(* Let $n,k$ be positive integers (with $k$ allowed to depend on $n$) and let $p\in[0,1]$. If $\mathbf{G}\sim\mathcal{G}(n,p,k)$, then asymptotically almost surely $\mathbf{G}$ is $s$-almost-complete for $$s=\max\bigl(2\sqrt{n}(1-p),\;9e^2\log(kn)\bigr).$$
   Context: A graph $G$ "over $k$ blocks of size $n$" has vertex set $V_1\sqcup\dots\sqcup V_k$ with $|V_i|=n$ for every $i$, where $n$ is a power of $2$ with $\log n$ even. Every vertex of a block $V_i$ is identified with a string in $\{0,1\}^{\log n}$, which is written as a pair $(x,y)\in\Sigma\times\Sigma$ with $\Sigma=\{0,1\}^{(\log n)/2}$ ($x$ the first half of the bits, $y$ the second half). $\mathcal{G}(n,p,k)$ is the distribution obtained by sampling a graph on the $kn$ vertices $V_1\sqcup\dots\sqcup V_k$ in which each pair of vertices lying in different blocks is an edge independently with probability $p$, and pairs inside a block are never edges (equivalently, an Erdős–Rényi graph $\mathcal{G}(nk,p)$ intersected with the complete $k$-partite graph with parts $V_1,\dots,V_k$). Given $s>0$, $G$ is $s$-almost-complete if for every $i\neq j\in[k]$ and every $x_i,y_i,x_j\in\Sigma$ there are at most $s$ values $y_j\in\Sigma$ such that the vertex $(x_i,y_i)$ of $V_i$ and the vertex $(x_j,y_j)$ of $V_j$ are not adjacent. "Asymptotically almost surely" means with probability $1-o(1)$ as $n\to\infty$. *)

theory Defs
  imports "HOL-Probability.Probability"
begin

text \<open>A vertex is a triple (i, x, y): block index i < k and the two halves x, y < r of
  its label, where r = sqrt n = 2^((log n)/2) and the strings in Sigma are identified
  with the numbers 0..r-1.\<close>

type_synonym vertex = "nat \<times> nat \<times> nat"

definition block_vertices :: "nat \<Rightarrow> nat \<Rightarrow> vertex set" where
  "block_vertices r k = {(i, x, y). i < k \<and> x < r \<and> y < r}"

text \<open>Each unordered cross-block pair {u,v} is represented once, as the ordered pair (u,v)
  with the block of u smaller than the block of v.\<close>

definition cross_pairs :: "nat \<Rightarrow> nat \<Rightarrow> (vertex \<times> vertex) set" where
  "cross_pairs r k = {(u, v). u \<in> block_vertices r k \<and> v \<in> block_vertices r k \<and> fst u < fst v}"

definition gnpk :: "nat \<Rightarrow> nat \<Rightarrow> real \<Rightarrow> (vertex \<times> vertex \<Rightarrow> bool) pmf" where
  "gnpk r k p = Pi_pmf (cross_pairs r k) False (\<lambda>_. bernoulli_pmf p)"

definition adj :: "(vertex \<times> vertex \<Rightarrow> bool) \<Rightarrow> vertex \<Rightarrow> vertex \<Rightarrow> bool" where
  "adj E u v = (if fst u < fst v then E (u, v) else if fst v < fst u then E (v, u) else False)"

definition almost_complete :: "nat \<Rightarrow> nat \<Rightarrow> real \<Rightarrow> (vertex \<times> vertex \<Rightarrow> bool) \<Rightarrow> bool" where
  "almost_complete r k s E =
     (\<forall>i<k. \<forall>j<k. i \<noteq> j \<longrightarrow> (\<forall>xi<r. \<forall>yi<r. \<forall>xj<r.
        real (card {yj. yj < r \<and> \<not> adj E (i, xi, yi) (j, xj, yj)}) \<le> s))"

end

(* Fix a vertex (x_i, y_i) of V_i and a first half x_j of V_j.  The number X of its
   non-neighbours among the r = sqrt n vertices (x_j, y_j) is a sum of r independent
   Bernoulli(1 - p) variables, so Markov's inequality for 2^X gives
   P(X > s) <= E 2^X / 2^s = (2 - p)^r / 2^s <= exp (r (1 - p) - s ln 2).
   Since r (1 - p) <= s / 2 and ln 2 >= 2/3, this is at most exp (-s/6) <= (k n)^-4,
   because s >= 9 e^2 ln (k n) >= 24 ln (k n).  A union bound over the k^2 r^3 choices
   of (i, j, x_i, y_i, x_j) leaves a failure probability of at most 1/n. *)

theory Submission
  imports Defs "HOL-Analysis.Harmonic_Numbers"
begin

lemma prob_Pi_bernoulli_card_failures_gt:
  fixes c s :: real
  assumes I: "finite I" and P: "P \<subseteq> I" and p: "0 \<le> p" "p \<le> 1" and c: "1 \<le> c"
  shows "measure_pmf.prob (Pi_pmf I False (\<lambda>_. bernoulli_pmf p)) {E. real (card {e\<in>P. \<not> E e}) > s}
         \<le> (p + (1 - p) * c) ^ card P / c powr s"
proof -
  let ?G = "Pi_pmf I False (\<lambda>_. bernoulli_pmf p)"
  define f where "f e b = (if e \<in> P \<and> \<not> b then c else 1)" for e b
  define u where "u E = (\<Prod>e\<in>I. f e (E e))" for E
  have u_eq: "u E = c ^ card {e\<in>P. \<not> E e}" for E
  proof -
    have "{e\<in>I. e \<in> P \<and> \<not> E e} = {e\<in>P. \<not> E e}"
      using P by auto
    then show ?thesis
      using prod.inter_filter[OF I, of "\<lambda>_. c" "\<lambda>e. e \<in> P \<and> \<not> E e"] by (simp add: u_def f_def)
  qed
  have integrable_bernoulli: "integrable (measure_pmf (bernoulli_pmf p)) g" for g :: "bool \<Rightarrow> real"
    by (rule integrable_measure_pmf_finite) simp
  have integrable_u: "integrable (measure_pmf ?G) u"
    unfolding u_def by (rule integrable_prod_Pi_pmf) (use I integrable_bernoulli in auto)
  have expectation_u: "measure_pmf.expectation ?G u = (p + (1 - p) * c) ^ card P"
  proof -
    have "measure_pmf.expectation ?G u = (\<Prod>e\<in>I. measure_pmf.expectation (bernoulli_pmf p) (f e))"
      unfolding u_def
      by (rule expectation_prod_Pi_pmf) (use I c integrable_bernoulli in \<open>auto simp: f_def\<close>)
    also have "\<dots> = (\<Prod>e\<in>I. if e \<in> P then p + (1 - p) * c else 1)"
      by (rule prod.cong) (use p in \<open>auto simp: f_def\<close>)
    also have "\<dots> = (p + (1 - p) * c) ^ card P"
    proof -
      have "{e\<in>I. e \<in> P} = P"
        using P by auto
      then show ?thesis
        using prod.inter_filter[OF I, of "\<lambda>_. p + (1 - p) * c" "\<lambda>e. e \<in> P"] by simp
    qed
    finally show ?thesis .
  qed
  have "c powr s \<le> u E" if "real (card {e\<in>P. \<not> E e}) > s" for E
  proof -
    have "c powr s \<le> c powr real (card {e\<in>P. \<not> E e})"
      using that c by (intro powr_mono) auto
    then show ?thesis
      using c by (simp add: u_eq powr_realpow)
  qed
  then have "{E. real (card {e\<in>P. \<not> E e}) > s} \<subseteq> {E \<in> space (measure_pmf ?G). u E \<ge> c powr s}"
    by auto
  then have "measure_pmf.prob ?G {E. real (card {e\<in>P. \<not> E e}) > s}
      \<le> measure_pmf.prob ?G {E \<in> space (measure_pmf ?G). u E \<ge> c powr s}"
    by (rule measure_pmf.finite_measure_mono) simp
  also have "\<dots> \<le> measure_pmf.expectation ?G u / c powr s"
    by (rule integral_Markov_inequality_measure[OF integrable_u, where A = UNIV])
       (use c in \<open>auto simp: u_eq\<close>)
  finally show ?thesis
    by (simp add: expectation_u)
qed

lemma finite_block_vertices: "finite (block_vertices r k)"
proof -
  have "block_vertices r k \<subseteq> {..<k} \<times> {..<r} \<times> {..<r}"
    by (auto simp: block_vertices_def)
  then show ?thesis
    by (rule finite_subset) simp
qed

lemma finite_cross_pairs: "finite (cross_pairs r k)"
proof -
  have "cross_pairs r k \<subseteq> block_vertices r k \<times> block_vertices r k"
    by (auto simp: cross_pairs_def)
  then show ?thesis
    by (rule finite_subset) (simp add: finite_block_vertices)
qed

lemma prob_many_non_neighbours:
  assumes p: "0 \<le> p" "p \<le> 1" and ij: "i < k" "j < k" "i \<noteq> j" and xy: "xi < r" "yi < r" "xj < r"
  shows "measure_pmf.prob (gnpk r k p)
           {E. real (card {yj. yj < r \<and> \<not> adj E (i, xi, yi) (j, xj, yj)}) > s}
         \<le> (2 - p) ^ r / 2 powr s"
proof -
  define link where
    "link y = (if i < j then ((i, xi, yi), (j, xj, y)) else ((j, xj, y), (i, xi, yi)))" for y
  have adj_link: "adj E (i, xi, yi) (j, xj, y) = E (link y)" for E y
    using ij by (auto simp: adj_def link_def)
  have inj: "inj_on link {..<r}"
    by (auto simp: inj_on_def link_def split: if_splits)
  have links: "link ` {..<r} \<subseteq> cross_pairs r k"
    using ij xy by (auto simp: link_def cross_pairs_def block_vertices_def)
  have "card {yj. yj < r \<and> \<not> adj E (i, xi, yi) (j, xj, yj)} = card {e \<in> link ` {..<r}. \<not> E e}" for E
  proof -
    have "{e \<in> link ` {..<r}. \<not> E e} = link ` {yj. yj < r \<and> \<not> E (link yj)}"
      by auto
    moreover have "inj_on link {yj. yj < r \<and> \<not> E (link yj)}"
      by (rule inj_on_subset[OF inj]) auto
    ultimately show ?thesis
      by (simp add: adj_link card_image)
  qed
  moreover have "(p + (1 - p) * 2) ^ card (link ` {..<r}) = (2 - p) ^ r"
    by (simp add: card_image[OF inj])
  ultimately show ?thesis
    using prob_Pi_bernoulli_card_failures_gt[OF finite_cross_pairs links p, of 2 s]
    by (simp add: gnpk_def)
qed

lemma prob_not_almost_complete_union_bound:
  assumes p: "0 \<le> p" "p \<le> 1"
  shows "measure_pmf.prob (gnpk r k p) {E. \<not> almost_complete r k s E}
         \<le> real (k ^ 2 * r ^ 3) * ((2 - p) ^ r / 2 powr s)"
proof -
  define T where "T = {..<k} \<times> {..<k} \<times> {..<r} \<times> {..<r} \<times> {..<r}"
  define bad where "bad t = (case t of (i, j, xi, yi, xj) \<Rightarrow>
     if i = j then {} else {E. real (card {yj. yj < r \<and> \<not> adj E (i, xi, yi) (j, xj, yj)}) > s})"
    for t
  have card_T: "card T = k ^ 2 * r ^ 3"
    by (simp add: T_def card_cartesian_product power2_eq_square power3_eq_cube)
  have prob_bad: "measure_pmf.prob (gnpk r k p) (bad t) \<le> (2 - p) ^ r / 2 powr s" if "t \<in> T" for t
    using that p prob_many_non_neighbours[OF p]
    by (auto simp: T_def bad_def split: prod.splits)
  have "{E. \<not> almost_complete r k s E} \<subseteq> (\<Union>t\<in>T. bad t)"
    by (force simp: almost_complete_def T_def bad_def not_le)
  then have "measure_pmf.prob (gnpk r k p) {E. \<not> almost_complete r k s E}
        \<le> measure_pmf.prob (gnpk r k p) (\<Union>t\<in>T. bad t)"
    by (rule measure_pmf.finite_measure_mono) simp
  also have "\<dots> \<le> (\<Sum>t\<in>T. measure_pmf.prob (gnpk r k p) (bad t))"
    by (rule measure_pmf.finite_measure_subadditive_finite) (simp_all add: T_def)
  also have "\<dots> \<le> real (card T) * ((2 - p) ^ r / 2 powr s)"
    by (rule sum_bounded_above) (rule prob_bad)
  finally show ?thesis
    by (simp add: card_T)
qed

lemma one_plus_power_div_two_powr_le:
  fixes q s :: real
  assumes q: "0 \<le> q" and s: "2 * real r * q \<le> s"
  shows "(1 + q) ^ r / 2 powr s \<le> exp (- s / 6)"
proof -
  have "(1 + q) ^ r \<le> exp q ^ r"
    using q exp_ge_add_one_self[of q] by (intro power_mono) (auto simp: add.commute)
  also have "\<dots> = exp (q * r)"
    by (simp add: exp_of_nat_mult[symmetric] mult.commute)
  finally have numerator: "(1 + q) ^ r \<le> exp (q * r)" .
  have "0 \<le> s"
    using q s by (smt (verit) mult_nonneg_nonneg of_nat_0_le_iff)
  then have "2 / 3 * s \<le> s * ln 2"
    using ln2_ge_two_thirds by (metis mult.commute mult_left_mono)
  then have denominator: "exp (2 / 3 * s) \<le> 2 powr s"
    by (simp add: powr_def)
  have "(1 + q) ^ r / 2 powr s \<le> exp (q * r) / exp (2 / 3 * s)"
    using numerator denominator by (intro frac_le) auto
  also have "\<dots> = exp (q * r - 2 / 3 * s)"
    by (simp add: exp_diff)
  also have "\<dots> \<le> exp (- s / 6)"
    using s by (simp add: algebra_simps)
  finally show ?thesis .
qed

lemma exp_neg_sixth_le_inverse_power4:
  fixes K s :: real
  assumes K: "1 \<le> K" and s: "9 * exp 2 * ln K \<le> s"
  shows "exp (- s / 6) \<le> 1 / K ^ 4"
proof -
  have "3 \<le> exp (2::real)"
    using exp_ge_add_one_self[of 2] by simp
  then have "4 * ln K \<le> (9 * exp 2 / 6) * ln K"
    using K by (intro mult_right_mono) auto
  then have "exp (- s / 6) \<le> exp (- (4 * ln K))"
    using s by simp
  also have "\<dots> = 1 / K ^ 4"
    using K exp_of_nat_mult[of 4 "ln K"] by (simp add: exp_minus field_simps)
  finally show ?thesis .
qed

lemma prob_not_almost_complete_le:
  assumes r: "1 \<le> r" and k: "1 \<le> k" and p: "0 \<le> p" "p \<le> 1"
    and s_linear: "2 * real r * (1 - p) \<le> s" and s_log: "9 * exp 2 * ln (real (k * r ^ 2)) \<le> s"
  shows "measure_pmf.prob (gnpk r k p) {E. \<not> almost_complete r k s E} \<le> 1 / real r ^ 2"
proof -
  define K where "K = real (k * r ^ 2)"
  have K: "1 \<le> K"
  proof -
    have "1 \<le> k * r ^ 2"
      using r k by (simp add: one_le_power)
    then show ?thesis
      unfolding K_def by (metis of_nat_1 of_nat_mono)
  qed
  have "measure_pmf.prob (gnpk r k p) {E. \<not> almost_complete r k s E}
        \<le> real (k ^ 2 * r ^ 3) * ((1 + (1 - p)) ^ r / 2 powr s)"
    using prob_not_almost_complete_union_bound[OF p] by simp
  also have "\<dots> \<le> real (k ^ 2 * r ^ 3) * (1 / K ^ 4)"
  proof -
    have "(1 + (1 - p)) ^ r / 2 powr s \<le> exp (- s / 6)"
      by (rule one_plus_power_div_two_powr_le) (use p s_linear in auto)
    also have "\<dots> \<le> 1 / K ^ 4"
      by (rule exp_neg_sixth_le_inverse_power4[OF K]) (use s_log in \<open>simp add: K_def\<close>)
    finally show ?thesis
      by (intro mult_left_mono) auto
  qed
  also have "\<dots> \<le> 1 / real r ^ 2"
  proof -
    have "k ^ 2 * r ^ 3 * r ^ 2 \<le> (k * r ^ 2) ^ 4"
    proof -
      have "k ^ 2 * r ^ 3 * r ^ 2 = k ^ 2 * r ^ 5"
        by (simp add: power_add[symmetric])
      also have "\<dots> \<le> k ^ 4 * r ^ 8"
        using r k by (intro mult_mono power_increasing) auto
      also have "\<dots> = (k * r ^ 2) ^ 4"
        by (simp add: power_mult_distrib power_mult[symmetric])
      finally show ?thesis .
    qed
    then have "real (k ^ 2 * r ^ 3) * real r ^ 2 \<le> K ^ 4"
      unfolding K_def by (metis of_nat_le_iff of_nat_mult of_nat_power)
    then show ?thesis
      using K r by (simp add: field_simps)
  qed
  finally show ?thesis .
qed

lemma prob_almost_complete_ge:
  assumes "1 \<le> r" "1 \<le> k" "0 \<le> p" "p \<le> 1"
    and "2 * real r * (1 - p) \<le> s" "9 * exp 2 * ln (real (k * r ^ 2)) \<le> s"
  shows "1 - 1 / real r ^ 2 \<le> measure_pmf.prob (gnpk r k p) {E. almost_complete r k s E}"
  using prob_not_almost_complete_le[OF assms]
    measure_pmf.prob_compl[of "{E. almost_complete r k s E}" "gnpk r k p"]
  by (simp add: Compl_eq_Diff_UNIV[symmetric] Collect_neg_eq[symmetric])

theorem lemma3p2:
  fixes k :: "nat \<Rightarrow> nat" and p :: "nat \<Rightarrow> real"
  assumes "\<forall>n. 1 \<le> k n"
    and "\<forall>n. 0 \<le> p n \<and> p n \<le> 1"
  shows "(\<lambda>m. let n = (4::nat) ^ m;
                 s = max (2 * sqrt (real n) * (1 - p n)) (9 * exp 2 * ln (real (k n * n)))
             in measure_pmf.prob (gnpk (2 ^ m) (k n) (p n)) {E. almost_complete (2 ^ m) (k n) s E})
         \<longlonglongrightarrow> 1"
proof -
  define s where
    "s m = max (2 * sqrt (real (4 ^ m)) * (1 - p (4 ^ m))) (9 * exp 2 * ln (real (k (4 ^ m) * 4 ^ m)))"
    for m
  define P where
    "P m = measure_pmf.prob (gnpk (2 ^ m) (k (4 ^ m)) (p (4 ^ m)))
             {E. almost_complete (2 ^ m) (k (4 ^ m)) (s m) E}" for m
  have four_power: "(4::nat) ^ m = (2 ^ m) ^ 2" for m
    by (metis mult.commute power_mult numeral_Bit0_eq_double power2_eq_square mult_2)
  have "1 - 1 / real (2 ^ m) ^ 2 \<le> P m" for m
  proof -
    have "sqrt (real (4 ^ m)) = real (2 ^ m)"
      unfolding four_power by simp
    then have "2 * real (2 ^ m) * (1 - p (4 ^ m)) \<le> s m"
      by (simp add: s_def)
    moreover have "9 * exp 2 * ln (real (k (4 ^ m) * (2 ^ m) ^ 2)) \<le> s m"
      by (simp add: s_def flip: four_power)
    ultimately show ?thesis
      unfolding P_def by (intro prob_almost_complete_ge) (use assms in auto)
  qed
  then have lower: "1 - (1 / 4) ^ m \<le> P m" for m
    by (metis four_power of_nat_numeral of_nat_power power_one_over)
  have lower_limit: "(\<lambda>m. 1 - (1 / 4 :: real) ^ m) \<longlonglongrightarrow> 1"
    using tendsto_diff[OF tendsto_const LIMSEQ_power_zero[of "1 / 4 :: real"]] by simp
  have "P \<longlonglongrightarrow> 1"
    by (rule real_tendsto_sandwich[OF _ _ lower_limit tendsto_const])
       (use lower in \<open>auto intro: always_eventually simp: P_def\<close>)
  then show ?thesis
    unfolding P_def s_def Let_def .
qed

end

> **Problem requirements**:
Find the string "links" in the listing and copy every line in which it occurs.

> **Written solution**:
  have links: "link ` {..<r} \<subseteq> cross_pairs r k"
    using prob_Pi_bernoulli_card_failures_gt[OF finite_cross_pairs links p, of 2 s]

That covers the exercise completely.